Abi Husein terdiam sejenak, menatap dalam mata putrinya.

“Lin, Abi mengenal baik keluarga Kyai Abdullah. Beliau orang terpandang, begitu juga anaknya. Abimanyu itu lelaki saleh, santun, dan punya ilmu. Abi hanya ingin yang terbaik untukmu.”

“Tapi Abi, itu semua baik menurut Abi, bukan menurut Erlin. Aku tidak bisa menerima pernikahan tanpa cinta. Aku tidak ingin hidup bersama orang asing hanya karena persahabatan Abi dengan Kyai Abdullah.”

Ibu Mina meminta Erlin untuk tidak membantah perkataan orang tuanya.
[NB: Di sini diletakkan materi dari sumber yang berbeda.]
lemma density_sum_ge:
  assumes k: "x0 \<le> k" and \<delta>: "0 \<le> \<delta>" and a: "0 \<le> a"
    and shift: "\<And>t. a < t \<Longrightarrow> ennreal \<eta> * Phi k t \<le> Phi k (t - \<delta>)"
    and G: "distributed M lborel (\<lambda>\<omega>. \<Sum>l=x0..k. \<tau> l \<omega>) (\<lambda>t. ennreal (G t))"
      "\<And>t. 0 \<le> G t" "continuous_on {0<..} G"
    and g: "distributed M lborel (\<lambda>\<omega>. \<Sum>l. \<tau> (x0 + l) \<omega>) (\<lambda>t. ennreal (g t))"
      "\<And>t. 0 \<le> g t" "continuous_on {0<..} g"
  shows "\<forall>t\<in>{a<..}. \<eta> * prob {\<omega> \<in> space M. R k \<omega> \<le> \<delta>} * G t \<le> g t"
proof (rule continuous_on_le_if_AE_le)
  let ?P = "prob {\<omega> \<in> space M. R k \<omega> \<le> \<delta>}"
  show "AE t in lborel. t \<in> {a<..} \<longrightarrow> \<eta> * ?P * G t \<le> g t"
    using density_sum_AE[OF k g(1)] density_partial_sum_AE[OF k G(1)]
  proof eventually_elim
    case (elim t)
    have "ennreal (\<eta> * ?P * G t) \<le> ennreal (g t)" if "a < t"
    proof -
      have "ennreal (\<eta> * ?P * G t) = ennreal ?P * (ennreal (F x0 * exp (- F x0 * t)) * (ennreal \<eta> * Phi k t))"
        using G(2)[of t] by (simp add: elim(2) ennreal_mult'' mult_ac)
      also have "\<dots> \<le> ennreal ?P * (ennreal (F x0 * exp (- F x0 * t)) * Phi k (t - \<delta>))"
        using shift[OF that] by (intro mult_left_mono) auto
      also have "\<dots> = ennreal (F x0 * exp (- F x0 * t)) * (Phi k (t - \<delta>) * ennreal ?P)"
        by (simp add: mult_ac)
      also have "\<dots> \<le> ennreal (F x0 * exp (- F x0 * t)) * tilted_cdf M (F x0) (\<lambda>\<omega>. S k \<omega> + R k \<omega>) t"
        using first_rate_pos
        by (intro mult_left_mono tilted_cdf_add_ge indep_var_S_R AE_R_nonneg k) auto
      finally show ?thesis
        by (simp add: elim(1))
    qed
    then show ?case
      using g(2)[of t] by (simp add: ennreal_le_iff)
  qed
next
  show "continuous_on {a<..} (\<lambda>t. \<eta> * prob {\<omega> \<in> space M. R k \<omega> \<le> \<delta>} * G t)"
    using a by (intro continuous_intros continuous_on_subset[OF G(3)]) auto
  show "continuous_on {a<..} g"
    using a by (intro continuous_on_subset[OF g(3)]) auto
qed simp

lemma density_ratio_bounds:
  assumes k: "Suc x0 \<le> k" and e: "0 < e" "e < 1" and a: "0 < a"
    and p: "0 < p" "ennreal p \<le> Phi k a"
    and \<delta>: "0 < \<delta>" "lipschitz_const * \<delta> / p = e / 2"
    and P: "1 - e / 2 \<le> prob {\<omega> \<in> space M. R k \<omega> \<le> \<delta>}"
    and B: "exp (F x0 * inverse_gap_tail (Suc k)) < 1 + e"
    and G: "distributed M lborel (\<lambda>\<omega>. \<Sum>l=x0..k. \<tau> l \<omega>) (\<lambda>t. ennreal (G t))"
      "\<And>t. 0 \<le> G t" "continuous_on {0<..} G"
    and g: "distributed M lborel (\<lambda>\<omega>. \<Sum>l. \<tau> (x0 + l) \<omega>) (\<lambda>t. ennreal (g t))"
      "\<And>t. 0 \<le> g t" "continuous_on {0<..} g"
  shows "\<forall>t\<in>{a<..}. 0 < G t \<and> (1 - e) * G t \<le> g t \<and> g t \<le> (1 + e) * G t"
proof
  have k0: "x0 \<le> k"
    using k by simp
  have shift: "ennreal (1 - e / 2) * Phi k t \<le> Phi k (t - \<delta>)" if "a < t" for t
    using Phi_shift_ge[OF k less_imp_le[OF \<delta>(1)] p(1) order.trans[OF p(2) tilted_cdf_mono[of a t]]] that
    unfolding \<delta>(2) by simp
  have "0 \<le> (e / 2) * (e / 2)"
    by simp
  then have "1 - e \<le> (1 - e / 2) * (1 - e / 2)"
    by (simp add: algebra_simps)
  also have "\<dots> \<le> (1 - e / 2) * prob {\<omega> \<in> space M. R k \<omega> \<le> \<delta>}"
    using P e by (intro mult_left_mono) auto
  finally have factor: "1 - e \<le> (1 - e / 2) * prob {\<omega> \<in> space M. R k \<omega> \<le> \<delta>}" .
  fix t assume "t \<in> {a<..}"
  then have t: "a < t" "0 < t"
    using a by auto
  have "0 < F x0 * exp (- F x0 * t) * p"
    using first_rate_pos p(1) by simp
  also have "\<dots> \<le> G t"
    using density_partial_sum_ge[OF k0 _ p(2) G] a t by simp
  finally have positive: "0 < G t" .
  have "(1 - e) * G t \<le> (1 - e / 2) * prob {\<omega> \<in> space M. R k \<omega> \<le> \<delta>} * G t"
    using factor G(2) by (rule mult_right_mono)
  also have "\<dots> \<le> g t"
    using density_sum_ge[OF k0 less_imp_le[OF \<delta>(1)] less_imp_le[OF a] shift G g] t by simp
  finally have lower: "(1 - e) * G t \<le> g t" .
  have "g t \<le> exp (F x0 * inverse_gap_tail (Suc k)) * G t"
    using density_sum_le[OF k0 G g(1,3)] t by simp
  also have "\<dots> \<le> (1 + e) * G t"
    using B G(2) by (intro mult_right_mono) auto
  finally show "0 < G t \<and> (1 - e) * G t \<le> g t \<and> g t \<le> (1 + e) * G t"
    using positive lower by blast
qed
"Sekarang kamu pilih menikah dengan Abimanyu atau keluar dari rumah ini." ucap Abi Husein.

"Abi mau mengusir aku? Tega Abi mengusir aku?"

Ibu Mina mencoba untuk menenangkan mereka berdua.

"Erlin, ibu mohon. Untuk kali ini saja, kamu menuruti keinginan kami."

"Baiklah, aku akan menikah dengan Abimanyu." ucap Erlin sambil menghapus air matanya.

Erlin membuka pintu dan kembali ke ruang tamu bersama kedua orang tuanya.

"Bagaimana Abi Husein, apakah Erlin sudah mau menikah dengan Abimanyu?" tanya Kyai Abdullah.

"Alhamdulillah sudah Kyai, saya minta maaf kalau tadi meninggalkan kalian sebentar." jawab Abi Husein.

Kyai Abdullah menghela nafas panjang dan berterima kasih kepada Erlin yang sudah mau menerimanya.

"Sebelum akad nikah dimulai, Aku ingin mengatakan kalau aku sudah menikah." ucap Abimanyu.

Untuk kedua kalinya Erlin kembali terkejut saat mendengar perkataan dari Abimanyu.

"S-sudah menikah?"

Abimanyu menganggukkan kepalanya dan mengatakan istri pertamanya sudah memberikan ijin.

Kyai Abdullah menambahkan kalau pernikahan Abimanyu dan Riana belum mempunyai anak.

Suasana mendadak menjadi hening dan Erlin menatap kedua orang tuanya yang menyembunyikan kenyataan bahwa Abimanyu sudah menikah.

"Sekarang mari kita mulai ijab kabulnya," ucap Kyai Abdullah.

Abimanyu menganggukkan kepalanya dan ia menjabat tangan Penghulu yang sudah siap dari tadi.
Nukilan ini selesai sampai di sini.